Notwithstanding that I challenge your statement to be anywhere within an order of magnitude or two off target as a generalised rule, the usage can be radically different depending on the combination. CRT's are different from TFT displays in energy use for example, rather dramatically in fact.
And my work laptop - a Dell Latitude D620 / XP Pro gets unplugged and locked into a desk drawer each night. I close down Outlook and shut the lid. Resumes in about 6 seconds the next morning. Whatever power usage it's consuming in that state, it's not enough to warm the desk drawer it resides in appreciably, and I don't see it spending much time recharging.
Boot? I do that every few months with XP... (Score:2)

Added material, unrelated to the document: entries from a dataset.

(* Let $p\in(0,1/2)$, $\gamma\in(0,1)$, $L\ge1$ an integer, and let $\mathcal{C}\subseteq\mathbb{F}_2^n$ be a linear code of dimension $k\le(1-\gamma)n$ such that for all $1\le\ell\le L$, $$Q_{\mathcal{C}}^{(\ge\ell)}\le\left(2^{-n(1-H(p))}\cdot2^k\right)^\ell\cdot2^{\gamma\ell^2n}.$$ Then for $b$ chosen uniformly from $\mathbb{F}_2^n$, with probability at least $1-4L^3\cdot2^{-\gamma n}$ over $b$, for all $1\le\ell\le L$, $$Q_{\mathcal{C}+\{0,b\}}^{(\ge\ell)}\le\left(2^{-n(1-H(p))}\cdot2^{k+1}\right)^\ell\cdot2^{\gamma\ell^2n}.$$
   Context: $\Delta$ is Hamming distance, $L_{\mathcal{C}}(x)=|\{c\in\mathcal{C}:\Delta(x,c)\le pn\}|$, $H(p)=-p\log_2p-(1-p)\log_2(1-p)$. $P_{\mathcal{C}}^{(\ell)}=2^{-n}|\{x\in\mathbb{F}_2^n:L_{\mathcal{C}}(x)=\ell\}|$ and $Q_{\mathcal{C}}^{(\ge\ell)}=\sum_{i\ge\ell}i\cdot P_{\mathcal{C}}^{(i)}$. $\mathcal{C}+\{0,b\}=\mathcal{C}\cup(\mathcal{C}+b)$. *)

theory Defs
  imports "HOL-Analysis.Analysis"
begin

text \<open>Vectors of F_2^n are boolean lists of length n; addition is coordinatewise XOR.\<close>

definition cube :: "nat \<Rightarrow> bool list set" where
  "cube n = {x. length x = n}"

definition vadd :: "bool list \<Rightarrow> bool list \<Rightarrow> bool list" where
  "vadd x y = map2 (\<lambda>a b. a \<noteq> b) x y"

definition hamming :: "bool list \<Rightarrow> bool list \<Rightarrow> nat" where
  "hamming x y = card {i. i < length x \<and> x ! i \<noteq> y ! i}"

definition linear_code :: "nat \<Rightarrow> bool list set \<Rightarrow> bool" where
  "linear_code n C \<longleftrightarrow> C \<subseteq> cube n \<and> replicate n False \<in> C
      \<and> (\<forall>x\<in>C. \<forall>y\<in>C. vadd x y \<in> C)"

definition code_dim :: "bool list set \<Rightarrow> nat \<Rightarrow> bool" where
  "code_dim C k \<longleftrightarrow> card C = 2 ^ k"

definition list_size :: "nat \<Rightarrow> real \<Rightarrow> bool list set \<Rightarrow> bool list \<Rightarrow> nat" where
  "list_size n p C x = card {c\<in>C. real (hamming x c) \<le> p * real n}"

definition P_frac :: "nat \<Rightarrow> real \<Rightarrow> bool list set \<Rightarrow> nat \<Rightarrow> real" where
  "P_frac n p C l = card {x\<in>cube n. list_size n p C x = l} / 2 ^ n"

definition Q_ge :: "nat \<Rightarrow> real \<Rightarrow> bool list set \<Rightarrow> nat \<Rightarrow> real" where
  "Q_ge n p C l = (\<Sum>i\<in>{l..card C}. real i * P_frac n p C i)"

definition shift_union :: "bool list set \<Rightarrow> bool list \<Rightarrow> bool list set" where
  "shift_union C b = C \<union> (\<lambda>c. vadd c b) ` C"

definition H2 :: "real \<Rightarrow> real" where
  "H2 p = - p * log 2 p - (1 - p) * log 2 (1 - p)"

end

theory Submission
  imports Defs
begin

(* Since L_{C+{0,b}}(x) <= L_C(x) + L_C(x+b), the l-tail mass of the union exceeds twice that of C
   only at points where both list sizes stay below l while their sum does not.  Such points are
   charged to products of i-tail and (l-i)-tail weights at x and x+b, and averaging over b turns
   their total into the convolution of the tails of C.  Because i^2 + (l-i)^2 <= l^2 - 2, the
   hypothesis makes this convolution smaller than the target by a factor 2^(-2 gamma n), so
   Markov's inequality bounds the bad shifts for each l >= 2, and a union bound over l finishes;
   l = 1 never fails. *)

lemma finite_cube: "finite (cube n)"
  using finite_lists_length_eq[of "UNIV :: bool set" n] by (simp add: cube_def)

lemma card_cube: "card (cube n) = 2 ^ n"
  using card_lists_length_eq[of "UNIV :: bool set" n] by (simp add: cube_def)

lemma length_vadd [simp]: "length (vadd x y) = min (length x) (length y)"
  by (simp add: vadd_def)

lemma nth_vadd: "i < length x \<Longrightarrow> i < length y \<Longrightarrow> vadd x y ! i = (x ! i \<noteq> y ! i)"
  by (simp add: vadd_def)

Honestly my wife's XP box gets rebooted maybe 3-4 times a year. Otherwise it's just in powersave mode. Takes about 5 seconds to wake it up.
How old of a laptop? (Score:5, Informative)
The decision of a Linux distro for old hardware is somewhat dependent on the age of the old hardware. I've been pretty successful at using PuppyLinux [puppylinux.org] (and MacPup [macpup.org] isn't too bad) on a very old Toshiba laptop with 192mb RAM. However, I have found that the "random incompetence" factor is an issue with it, as well as some laptop quirks (X refuses to come back if you close the laptop lid, and you then have to power it off, X doesn't start up on boot, and you have to type "startx" at the command line and chose xmesa or xorg...).
Xubuntu [xubuntu.org] is actually not too bad from the resources side... I tried it on an old 256mb ram/celeron computer. It was pretty slow, though.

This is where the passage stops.